TASK ITEM — Pick every line from the data below that contains the string "controlled" and copy it.

TASK MATERIAL —
- - - -

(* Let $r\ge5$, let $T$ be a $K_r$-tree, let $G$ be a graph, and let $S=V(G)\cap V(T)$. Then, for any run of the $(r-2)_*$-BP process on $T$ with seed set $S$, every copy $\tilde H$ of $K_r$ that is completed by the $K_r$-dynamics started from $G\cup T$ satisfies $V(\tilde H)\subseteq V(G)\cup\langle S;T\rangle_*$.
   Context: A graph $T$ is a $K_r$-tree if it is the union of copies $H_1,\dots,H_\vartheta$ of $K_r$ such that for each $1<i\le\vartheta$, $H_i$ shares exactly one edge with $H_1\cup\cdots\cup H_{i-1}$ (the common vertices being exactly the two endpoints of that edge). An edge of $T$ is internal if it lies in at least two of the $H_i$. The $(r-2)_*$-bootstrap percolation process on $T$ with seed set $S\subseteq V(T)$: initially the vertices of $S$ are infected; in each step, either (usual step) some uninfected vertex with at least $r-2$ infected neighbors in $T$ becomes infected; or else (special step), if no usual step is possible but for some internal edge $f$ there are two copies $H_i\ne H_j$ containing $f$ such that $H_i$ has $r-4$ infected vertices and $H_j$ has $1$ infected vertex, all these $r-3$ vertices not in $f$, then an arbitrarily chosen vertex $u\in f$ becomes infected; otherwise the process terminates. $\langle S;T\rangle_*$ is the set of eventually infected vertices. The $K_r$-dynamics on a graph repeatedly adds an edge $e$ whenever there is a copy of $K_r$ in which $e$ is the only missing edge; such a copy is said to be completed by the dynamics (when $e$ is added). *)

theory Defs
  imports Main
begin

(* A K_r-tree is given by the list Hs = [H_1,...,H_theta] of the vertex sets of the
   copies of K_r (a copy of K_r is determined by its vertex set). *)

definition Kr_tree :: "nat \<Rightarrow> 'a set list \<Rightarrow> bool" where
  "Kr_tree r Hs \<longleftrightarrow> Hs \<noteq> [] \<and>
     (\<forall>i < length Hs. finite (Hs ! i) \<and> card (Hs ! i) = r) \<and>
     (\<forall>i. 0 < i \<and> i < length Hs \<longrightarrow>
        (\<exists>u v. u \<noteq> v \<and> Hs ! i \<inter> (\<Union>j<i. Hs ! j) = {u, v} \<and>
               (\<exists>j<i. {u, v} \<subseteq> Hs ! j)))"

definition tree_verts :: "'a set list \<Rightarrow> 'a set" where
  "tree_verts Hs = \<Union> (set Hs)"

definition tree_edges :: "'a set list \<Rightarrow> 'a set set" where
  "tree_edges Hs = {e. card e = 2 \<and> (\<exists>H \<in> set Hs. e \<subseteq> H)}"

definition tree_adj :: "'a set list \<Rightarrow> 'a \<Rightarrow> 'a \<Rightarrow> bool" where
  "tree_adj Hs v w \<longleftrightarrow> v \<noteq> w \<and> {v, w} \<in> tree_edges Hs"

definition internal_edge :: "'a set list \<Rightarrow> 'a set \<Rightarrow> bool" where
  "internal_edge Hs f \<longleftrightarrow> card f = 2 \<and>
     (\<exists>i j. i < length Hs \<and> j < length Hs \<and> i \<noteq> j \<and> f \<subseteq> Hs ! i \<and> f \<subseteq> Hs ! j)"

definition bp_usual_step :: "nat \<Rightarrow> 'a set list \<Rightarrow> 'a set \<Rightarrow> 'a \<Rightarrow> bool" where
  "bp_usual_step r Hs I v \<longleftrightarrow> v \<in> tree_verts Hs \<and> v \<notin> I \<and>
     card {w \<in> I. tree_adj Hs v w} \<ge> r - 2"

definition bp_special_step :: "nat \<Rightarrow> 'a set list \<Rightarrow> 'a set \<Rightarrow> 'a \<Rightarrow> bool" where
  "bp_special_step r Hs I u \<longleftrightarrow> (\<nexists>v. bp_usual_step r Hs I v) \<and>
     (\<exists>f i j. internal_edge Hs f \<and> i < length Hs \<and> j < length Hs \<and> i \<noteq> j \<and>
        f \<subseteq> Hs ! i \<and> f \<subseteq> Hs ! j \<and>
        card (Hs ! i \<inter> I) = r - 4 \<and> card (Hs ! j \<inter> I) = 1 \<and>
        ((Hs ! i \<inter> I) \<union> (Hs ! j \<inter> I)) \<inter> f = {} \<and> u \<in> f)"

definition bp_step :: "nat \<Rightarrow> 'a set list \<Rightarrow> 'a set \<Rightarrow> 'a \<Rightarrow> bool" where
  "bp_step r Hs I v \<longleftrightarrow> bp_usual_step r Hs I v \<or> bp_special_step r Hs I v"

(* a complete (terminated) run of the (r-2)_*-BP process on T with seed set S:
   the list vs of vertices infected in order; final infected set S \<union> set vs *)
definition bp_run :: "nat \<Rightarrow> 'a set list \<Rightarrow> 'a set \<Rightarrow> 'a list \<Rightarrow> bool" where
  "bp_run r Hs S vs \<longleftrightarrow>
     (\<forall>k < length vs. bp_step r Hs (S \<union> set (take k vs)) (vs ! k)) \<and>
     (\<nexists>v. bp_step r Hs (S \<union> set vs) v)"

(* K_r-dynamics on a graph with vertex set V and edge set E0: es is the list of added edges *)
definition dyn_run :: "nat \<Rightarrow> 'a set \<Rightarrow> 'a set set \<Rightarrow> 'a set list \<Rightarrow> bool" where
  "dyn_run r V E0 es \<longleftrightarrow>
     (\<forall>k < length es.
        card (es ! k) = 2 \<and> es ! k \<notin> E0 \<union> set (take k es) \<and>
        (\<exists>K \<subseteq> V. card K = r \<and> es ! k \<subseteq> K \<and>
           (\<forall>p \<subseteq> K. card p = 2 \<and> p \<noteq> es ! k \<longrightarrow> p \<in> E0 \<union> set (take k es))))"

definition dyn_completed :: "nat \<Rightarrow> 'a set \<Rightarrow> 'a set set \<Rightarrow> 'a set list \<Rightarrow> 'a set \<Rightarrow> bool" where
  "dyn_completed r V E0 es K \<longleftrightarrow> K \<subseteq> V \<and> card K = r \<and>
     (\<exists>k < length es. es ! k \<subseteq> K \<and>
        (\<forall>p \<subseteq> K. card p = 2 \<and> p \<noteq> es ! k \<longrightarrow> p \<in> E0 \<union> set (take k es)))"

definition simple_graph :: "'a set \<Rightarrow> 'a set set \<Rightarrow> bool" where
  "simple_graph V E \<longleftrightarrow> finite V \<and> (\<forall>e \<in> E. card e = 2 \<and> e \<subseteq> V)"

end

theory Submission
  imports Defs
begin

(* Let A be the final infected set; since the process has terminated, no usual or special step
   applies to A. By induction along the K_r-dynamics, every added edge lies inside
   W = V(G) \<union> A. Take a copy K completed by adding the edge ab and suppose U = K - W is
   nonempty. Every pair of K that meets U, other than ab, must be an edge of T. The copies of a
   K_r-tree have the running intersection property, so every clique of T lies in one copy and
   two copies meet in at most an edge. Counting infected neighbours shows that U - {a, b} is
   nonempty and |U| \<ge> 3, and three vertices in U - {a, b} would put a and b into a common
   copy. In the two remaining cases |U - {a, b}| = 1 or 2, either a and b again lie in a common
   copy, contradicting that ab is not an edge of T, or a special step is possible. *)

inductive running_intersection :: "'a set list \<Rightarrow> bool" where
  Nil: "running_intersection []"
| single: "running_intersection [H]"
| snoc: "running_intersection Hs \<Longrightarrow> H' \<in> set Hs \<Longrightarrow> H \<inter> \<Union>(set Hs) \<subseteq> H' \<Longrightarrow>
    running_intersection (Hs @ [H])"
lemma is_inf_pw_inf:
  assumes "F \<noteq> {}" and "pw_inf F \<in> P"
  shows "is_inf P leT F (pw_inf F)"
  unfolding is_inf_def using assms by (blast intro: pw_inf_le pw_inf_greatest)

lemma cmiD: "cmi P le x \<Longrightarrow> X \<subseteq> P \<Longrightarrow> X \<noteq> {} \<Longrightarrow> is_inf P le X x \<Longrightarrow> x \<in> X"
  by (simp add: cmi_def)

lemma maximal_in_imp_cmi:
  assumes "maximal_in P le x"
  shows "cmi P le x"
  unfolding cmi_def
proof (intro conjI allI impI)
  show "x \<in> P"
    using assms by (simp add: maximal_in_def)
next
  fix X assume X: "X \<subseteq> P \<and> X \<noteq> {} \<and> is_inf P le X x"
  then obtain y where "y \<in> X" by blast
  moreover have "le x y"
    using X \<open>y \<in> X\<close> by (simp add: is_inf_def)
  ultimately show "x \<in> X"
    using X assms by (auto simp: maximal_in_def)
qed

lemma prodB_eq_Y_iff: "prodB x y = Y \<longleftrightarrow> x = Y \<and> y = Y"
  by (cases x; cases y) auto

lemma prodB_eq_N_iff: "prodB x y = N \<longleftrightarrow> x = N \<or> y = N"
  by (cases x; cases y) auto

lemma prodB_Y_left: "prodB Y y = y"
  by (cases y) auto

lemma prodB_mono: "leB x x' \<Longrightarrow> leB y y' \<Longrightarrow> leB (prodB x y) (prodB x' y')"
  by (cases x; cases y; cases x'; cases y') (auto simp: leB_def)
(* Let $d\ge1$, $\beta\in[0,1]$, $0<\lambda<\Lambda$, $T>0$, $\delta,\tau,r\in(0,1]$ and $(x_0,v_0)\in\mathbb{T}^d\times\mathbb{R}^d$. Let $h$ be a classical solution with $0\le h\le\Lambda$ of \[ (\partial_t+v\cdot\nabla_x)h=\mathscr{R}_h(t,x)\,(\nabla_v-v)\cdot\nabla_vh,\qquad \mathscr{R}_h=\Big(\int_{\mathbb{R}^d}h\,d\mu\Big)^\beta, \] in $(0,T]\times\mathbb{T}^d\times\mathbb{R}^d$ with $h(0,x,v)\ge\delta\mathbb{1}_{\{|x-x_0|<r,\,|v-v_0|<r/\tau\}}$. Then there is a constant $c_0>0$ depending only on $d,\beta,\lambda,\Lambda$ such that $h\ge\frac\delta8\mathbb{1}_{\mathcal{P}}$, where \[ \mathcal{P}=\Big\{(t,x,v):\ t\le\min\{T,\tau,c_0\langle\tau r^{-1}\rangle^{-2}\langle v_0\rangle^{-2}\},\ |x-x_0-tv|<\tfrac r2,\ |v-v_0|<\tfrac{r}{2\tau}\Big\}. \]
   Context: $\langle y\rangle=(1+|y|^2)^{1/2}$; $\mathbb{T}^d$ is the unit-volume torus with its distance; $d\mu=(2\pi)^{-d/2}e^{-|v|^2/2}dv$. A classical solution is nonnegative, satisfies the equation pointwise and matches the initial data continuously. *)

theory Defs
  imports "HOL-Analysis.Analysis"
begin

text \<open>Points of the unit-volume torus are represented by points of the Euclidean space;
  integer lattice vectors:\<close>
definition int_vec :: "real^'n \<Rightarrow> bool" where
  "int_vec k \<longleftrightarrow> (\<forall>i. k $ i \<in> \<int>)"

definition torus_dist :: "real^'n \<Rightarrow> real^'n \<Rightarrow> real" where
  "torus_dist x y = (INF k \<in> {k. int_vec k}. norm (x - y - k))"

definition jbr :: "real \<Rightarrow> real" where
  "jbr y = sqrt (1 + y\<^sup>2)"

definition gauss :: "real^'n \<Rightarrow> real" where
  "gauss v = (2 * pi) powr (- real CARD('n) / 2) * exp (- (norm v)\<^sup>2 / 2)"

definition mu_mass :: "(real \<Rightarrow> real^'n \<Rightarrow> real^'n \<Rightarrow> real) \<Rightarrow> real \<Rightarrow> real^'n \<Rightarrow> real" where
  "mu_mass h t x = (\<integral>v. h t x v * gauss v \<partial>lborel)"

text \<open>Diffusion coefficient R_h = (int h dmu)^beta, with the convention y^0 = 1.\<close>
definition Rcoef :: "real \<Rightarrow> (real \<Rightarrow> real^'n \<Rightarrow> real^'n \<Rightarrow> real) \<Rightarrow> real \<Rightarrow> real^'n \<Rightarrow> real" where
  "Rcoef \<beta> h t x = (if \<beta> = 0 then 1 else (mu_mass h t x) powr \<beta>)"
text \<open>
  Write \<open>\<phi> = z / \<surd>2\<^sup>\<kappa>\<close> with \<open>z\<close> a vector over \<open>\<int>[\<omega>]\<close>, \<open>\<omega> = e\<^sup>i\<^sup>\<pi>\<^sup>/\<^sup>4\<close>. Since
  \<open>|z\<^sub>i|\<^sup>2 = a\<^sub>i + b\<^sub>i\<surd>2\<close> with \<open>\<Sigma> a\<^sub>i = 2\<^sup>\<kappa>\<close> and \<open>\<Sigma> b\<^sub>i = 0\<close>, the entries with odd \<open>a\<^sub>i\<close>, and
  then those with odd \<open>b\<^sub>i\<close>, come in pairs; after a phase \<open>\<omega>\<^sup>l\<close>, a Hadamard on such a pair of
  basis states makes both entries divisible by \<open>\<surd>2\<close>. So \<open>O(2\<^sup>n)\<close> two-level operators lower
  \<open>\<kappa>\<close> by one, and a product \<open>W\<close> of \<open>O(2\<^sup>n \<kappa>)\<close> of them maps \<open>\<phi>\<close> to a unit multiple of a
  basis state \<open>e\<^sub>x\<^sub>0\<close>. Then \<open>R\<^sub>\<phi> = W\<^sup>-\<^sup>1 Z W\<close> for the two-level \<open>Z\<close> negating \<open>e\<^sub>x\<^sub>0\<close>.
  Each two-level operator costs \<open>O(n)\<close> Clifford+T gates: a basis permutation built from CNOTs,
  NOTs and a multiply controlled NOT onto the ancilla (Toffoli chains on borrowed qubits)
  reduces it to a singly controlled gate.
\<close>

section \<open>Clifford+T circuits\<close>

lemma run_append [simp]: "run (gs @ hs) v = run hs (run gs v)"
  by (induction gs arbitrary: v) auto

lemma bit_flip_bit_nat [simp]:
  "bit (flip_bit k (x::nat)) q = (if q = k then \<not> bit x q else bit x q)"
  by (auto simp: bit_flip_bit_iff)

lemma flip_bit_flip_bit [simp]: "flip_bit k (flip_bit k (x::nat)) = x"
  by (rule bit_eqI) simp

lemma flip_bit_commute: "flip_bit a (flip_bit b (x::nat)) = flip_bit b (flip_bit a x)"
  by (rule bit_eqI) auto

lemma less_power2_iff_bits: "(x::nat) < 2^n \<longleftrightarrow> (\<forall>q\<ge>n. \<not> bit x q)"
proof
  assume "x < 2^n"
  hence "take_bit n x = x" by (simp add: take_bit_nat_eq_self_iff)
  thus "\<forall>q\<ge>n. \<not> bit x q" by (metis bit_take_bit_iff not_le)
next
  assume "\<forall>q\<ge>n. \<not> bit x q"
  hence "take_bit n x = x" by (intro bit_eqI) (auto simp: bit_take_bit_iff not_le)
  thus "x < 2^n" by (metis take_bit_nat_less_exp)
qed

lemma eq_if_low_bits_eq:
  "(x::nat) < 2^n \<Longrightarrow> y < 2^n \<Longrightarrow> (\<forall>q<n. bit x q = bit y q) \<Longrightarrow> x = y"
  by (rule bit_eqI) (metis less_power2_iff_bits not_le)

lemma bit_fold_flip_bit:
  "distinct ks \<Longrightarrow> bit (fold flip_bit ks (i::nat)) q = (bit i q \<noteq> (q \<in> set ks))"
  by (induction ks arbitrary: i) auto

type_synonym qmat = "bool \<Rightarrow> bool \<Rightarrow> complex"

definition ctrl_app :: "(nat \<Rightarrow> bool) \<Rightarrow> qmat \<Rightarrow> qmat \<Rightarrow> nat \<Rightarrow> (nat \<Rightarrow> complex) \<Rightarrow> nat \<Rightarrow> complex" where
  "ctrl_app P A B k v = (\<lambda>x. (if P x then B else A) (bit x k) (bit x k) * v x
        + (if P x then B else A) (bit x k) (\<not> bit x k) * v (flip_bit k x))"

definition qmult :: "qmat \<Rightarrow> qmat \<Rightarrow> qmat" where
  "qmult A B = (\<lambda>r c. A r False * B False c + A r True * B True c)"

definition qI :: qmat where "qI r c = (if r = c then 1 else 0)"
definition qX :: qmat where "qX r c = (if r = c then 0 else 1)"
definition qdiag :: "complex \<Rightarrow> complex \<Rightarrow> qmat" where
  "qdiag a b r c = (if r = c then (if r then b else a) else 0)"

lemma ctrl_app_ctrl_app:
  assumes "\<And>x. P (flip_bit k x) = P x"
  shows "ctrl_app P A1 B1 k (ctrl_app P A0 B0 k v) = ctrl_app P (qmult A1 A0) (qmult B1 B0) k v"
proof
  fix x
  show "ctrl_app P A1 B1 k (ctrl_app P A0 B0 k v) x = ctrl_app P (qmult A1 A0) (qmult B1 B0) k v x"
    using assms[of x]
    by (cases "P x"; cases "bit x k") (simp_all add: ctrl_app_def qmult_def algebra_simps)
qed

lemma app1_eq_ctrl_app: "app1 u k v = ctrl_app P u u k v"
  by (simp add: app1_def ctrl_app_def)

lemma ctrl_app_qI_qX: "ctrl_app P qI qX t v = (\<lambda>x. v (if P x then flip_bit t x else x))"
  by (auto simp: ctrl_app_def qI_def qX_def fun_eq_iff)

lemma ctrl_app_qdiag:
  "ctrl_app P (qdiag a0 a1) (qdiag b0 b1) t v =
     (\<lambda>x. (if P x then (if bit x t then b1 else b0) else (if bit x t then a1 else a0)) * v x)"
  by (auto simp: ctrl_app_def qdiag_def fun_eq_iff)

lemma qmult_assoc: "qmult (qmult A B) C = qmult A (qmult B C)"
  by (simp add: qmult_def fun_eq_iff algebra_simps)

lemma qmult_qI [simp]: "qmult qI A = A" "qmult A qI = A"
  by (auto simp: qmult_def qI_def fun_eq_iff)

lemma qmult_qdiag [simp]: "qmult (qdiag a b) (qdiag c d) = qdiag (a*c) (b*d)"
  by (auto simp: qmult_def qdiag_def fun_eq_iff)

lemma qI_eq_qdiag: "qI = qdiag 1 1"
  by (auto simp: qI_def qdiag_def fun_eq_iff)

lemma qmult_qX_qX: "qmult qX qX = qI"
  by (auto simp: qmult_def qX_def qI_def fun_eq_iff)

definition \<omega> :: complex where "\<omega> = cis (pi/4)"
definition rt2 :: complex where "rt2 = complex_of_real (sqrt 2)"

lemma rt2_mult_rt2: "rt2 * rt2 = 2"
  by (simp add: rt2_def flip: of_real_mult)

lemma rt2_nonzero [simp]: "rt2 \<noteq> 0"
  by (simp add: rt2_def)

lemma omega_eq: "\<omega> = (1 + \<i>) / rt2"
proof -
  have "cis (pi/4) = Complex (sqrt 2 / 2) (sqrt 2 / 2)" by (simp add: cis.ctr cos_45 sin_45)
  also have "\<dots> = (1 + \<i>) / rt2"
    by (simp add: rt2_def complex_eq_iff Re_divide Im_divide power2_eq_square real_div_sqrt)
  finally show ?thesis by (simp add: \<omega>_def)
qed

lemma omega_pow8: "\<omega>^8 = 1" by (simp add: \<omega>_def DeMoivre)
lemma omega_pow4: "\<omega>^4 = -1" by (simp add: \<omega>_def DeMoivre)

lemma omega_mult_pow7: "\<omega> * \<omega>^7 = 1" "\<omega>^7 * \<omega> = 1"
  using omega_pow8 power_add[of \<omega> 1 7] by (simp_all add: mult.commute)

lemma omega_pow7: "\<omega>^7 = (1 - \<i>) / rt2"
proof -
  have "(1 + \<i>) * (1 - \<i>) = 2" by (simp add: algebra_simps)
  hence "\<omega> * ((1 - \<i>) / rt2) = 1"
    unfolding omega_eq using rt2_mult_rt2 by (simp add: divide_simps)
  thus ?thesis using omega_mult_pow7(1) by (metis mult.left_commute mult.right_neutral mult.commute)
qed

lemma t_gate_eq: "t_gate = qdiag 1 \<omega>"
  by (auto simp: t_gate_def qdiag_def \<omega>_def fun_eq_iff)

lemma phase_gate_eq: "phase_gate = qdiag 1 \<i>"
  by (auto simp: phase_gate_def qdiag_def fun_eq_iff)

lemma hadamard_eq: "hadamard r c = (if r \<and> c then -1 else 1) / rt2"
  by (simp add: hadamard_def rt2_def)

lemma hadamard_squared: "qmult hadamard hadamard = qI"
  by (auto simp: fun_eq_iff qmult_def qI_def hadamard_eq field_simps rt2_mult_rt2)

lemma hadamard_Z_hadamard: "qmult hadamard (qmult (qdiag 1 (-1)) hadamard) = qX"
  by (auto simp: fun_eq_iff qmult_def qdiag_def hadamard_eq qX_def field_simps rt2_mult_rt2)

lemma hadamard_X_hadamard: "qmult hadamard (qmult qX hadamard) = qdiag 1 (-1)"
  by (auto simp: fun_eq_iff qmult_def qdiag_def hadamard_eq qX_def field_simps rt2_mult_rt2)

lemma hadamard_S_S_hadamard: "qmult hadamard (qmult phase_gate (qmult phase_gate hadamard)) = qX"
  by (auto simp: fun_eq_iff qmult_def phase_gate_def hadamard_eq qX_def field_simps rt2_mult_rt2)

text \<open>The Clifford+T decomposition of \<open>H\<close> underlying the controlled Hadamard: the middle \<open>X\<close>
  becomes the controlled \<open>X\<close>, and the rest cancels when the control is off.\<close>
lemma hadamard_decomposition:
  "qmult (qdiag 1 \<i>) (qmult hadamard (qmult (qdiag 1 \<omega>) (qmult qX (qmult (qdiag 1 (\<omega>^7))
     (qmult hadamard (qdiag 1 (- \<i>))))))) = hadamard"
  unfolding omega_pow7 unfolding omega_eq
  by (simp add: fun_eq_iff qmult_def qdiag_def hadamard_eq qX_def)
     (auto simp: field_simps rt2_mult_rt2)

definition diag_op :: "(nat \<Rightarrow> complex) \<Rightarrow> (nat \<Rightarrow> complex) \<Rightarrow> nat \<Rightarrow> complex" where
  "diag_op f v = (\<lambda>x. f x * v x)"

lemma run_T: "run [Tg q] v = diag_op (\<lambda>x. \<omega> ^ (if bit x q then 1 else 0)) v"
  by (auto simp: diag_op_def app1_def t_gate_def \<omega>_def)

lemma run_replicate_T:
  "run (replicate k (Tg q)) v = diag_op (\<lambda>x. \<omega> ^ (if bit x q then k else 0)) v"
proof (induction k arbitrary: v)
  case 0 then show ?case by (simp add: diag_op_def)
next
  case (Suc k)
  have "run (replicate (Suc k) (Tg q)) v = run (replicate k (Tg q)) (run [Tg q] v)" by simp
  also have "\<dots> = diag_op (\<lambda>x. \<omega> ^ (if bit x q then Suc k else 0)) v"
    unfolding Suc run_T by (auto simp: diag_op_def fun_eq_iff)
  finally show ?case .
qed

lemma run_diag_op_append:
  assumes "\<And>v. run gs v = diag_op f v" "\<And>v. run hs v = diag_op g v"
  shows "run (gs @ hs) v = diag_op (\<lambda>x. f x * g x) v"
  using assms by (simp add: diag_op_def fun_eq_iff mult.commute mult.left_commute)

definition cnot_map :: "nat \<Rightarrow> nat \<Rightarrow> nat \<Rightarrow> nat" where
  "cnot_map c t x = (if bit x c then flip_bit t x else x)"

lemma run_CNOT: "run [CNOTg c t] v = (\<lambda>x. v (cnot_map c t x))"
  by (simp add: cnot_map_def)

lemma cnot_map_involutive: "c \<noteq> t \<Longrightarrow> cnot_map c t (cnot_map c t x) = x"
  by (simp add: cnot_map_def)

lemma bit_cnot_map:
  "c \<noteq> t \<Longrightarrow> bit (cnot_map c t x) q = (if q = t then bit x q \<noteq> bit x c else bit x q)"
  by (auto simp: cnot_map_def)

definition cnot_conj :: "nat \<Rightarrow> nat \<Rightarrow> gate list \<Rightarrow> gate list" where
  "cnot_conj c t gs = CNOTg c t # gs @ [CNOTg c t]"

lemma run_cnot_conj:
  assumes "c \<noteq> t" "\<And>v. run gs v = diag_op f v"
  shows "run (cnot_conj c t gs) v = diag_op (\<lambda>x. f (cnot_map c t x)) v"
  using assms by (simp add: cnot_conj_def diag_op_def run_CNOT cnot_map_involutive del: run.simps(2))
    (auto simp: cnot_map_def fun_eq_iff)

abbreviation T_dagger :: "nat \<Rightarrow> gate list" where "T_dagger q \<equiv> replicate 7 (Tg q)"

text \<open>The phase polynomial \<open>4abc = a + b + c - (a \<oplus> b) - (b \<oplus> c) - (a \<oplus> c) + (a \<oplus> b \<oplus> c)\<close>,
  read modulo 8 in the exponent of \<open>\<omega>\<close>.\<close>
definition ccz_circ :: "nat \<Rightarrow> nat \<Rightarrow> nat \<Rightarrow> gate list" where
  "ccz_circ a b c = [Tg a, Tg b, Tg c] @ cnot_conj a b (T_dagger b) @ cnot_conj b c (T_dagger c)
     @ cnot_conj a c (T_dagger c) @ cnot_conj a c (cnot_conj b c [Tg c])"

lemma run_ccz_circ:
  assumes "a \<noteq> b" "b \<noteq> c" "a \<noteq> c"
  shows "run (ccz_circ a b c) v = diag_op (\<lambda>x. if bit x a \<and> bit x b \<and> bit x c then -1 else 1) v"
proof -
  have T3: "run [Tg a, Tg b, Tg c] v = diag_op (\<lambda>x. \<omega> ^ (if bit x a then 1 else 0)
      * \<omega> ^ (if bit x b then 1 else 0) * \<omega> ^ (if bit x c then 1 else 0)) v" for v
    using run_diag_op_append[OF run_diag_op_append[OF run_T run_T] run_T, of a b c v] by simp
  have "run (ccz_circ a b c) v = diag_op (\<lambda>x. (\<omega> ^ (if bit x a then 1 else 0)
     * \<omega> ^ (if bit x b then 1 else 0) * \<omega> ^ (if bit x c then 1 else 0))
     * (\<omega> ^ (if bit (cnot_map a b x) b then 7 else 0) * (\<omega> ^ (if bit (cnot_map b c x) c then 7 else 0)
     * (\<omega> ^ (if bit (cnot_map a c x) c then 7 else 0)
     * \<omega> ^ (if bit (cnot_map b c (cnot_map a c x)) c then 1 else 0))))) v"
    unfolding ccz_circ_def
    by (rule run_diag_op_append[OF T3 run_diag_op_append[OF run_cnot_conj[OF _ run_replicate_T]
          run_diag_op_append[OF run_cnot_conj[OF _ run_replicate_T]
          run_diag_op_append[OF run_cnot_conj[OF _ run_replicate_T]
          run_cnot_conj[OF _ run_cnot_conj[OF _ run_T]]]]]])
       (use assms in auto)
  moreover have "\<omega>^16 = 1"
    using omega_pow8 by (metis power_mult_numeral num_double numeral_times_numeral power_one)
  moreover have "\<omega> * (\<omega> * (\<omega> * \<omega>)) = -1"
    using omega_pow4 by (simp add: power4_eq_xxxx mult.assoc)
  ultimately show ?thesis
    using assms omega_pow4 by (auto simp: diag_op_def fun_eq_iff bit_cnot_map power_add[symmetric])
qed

- - - -

SOLUTION BELOW —
  NOTs and a multiply controlled NOT onto the ancilla (Toffoli chains on borrowed qubits)
  reduces it to a singly controlled gate.
text \<open>The Clifford+T decomposition of \<open>H\<close> underlying the controlled Hadamard: the middle \<open>X\<close>
  becomes the controlled \<open>X\<close>, and the rest cancels when the control is off.\<close>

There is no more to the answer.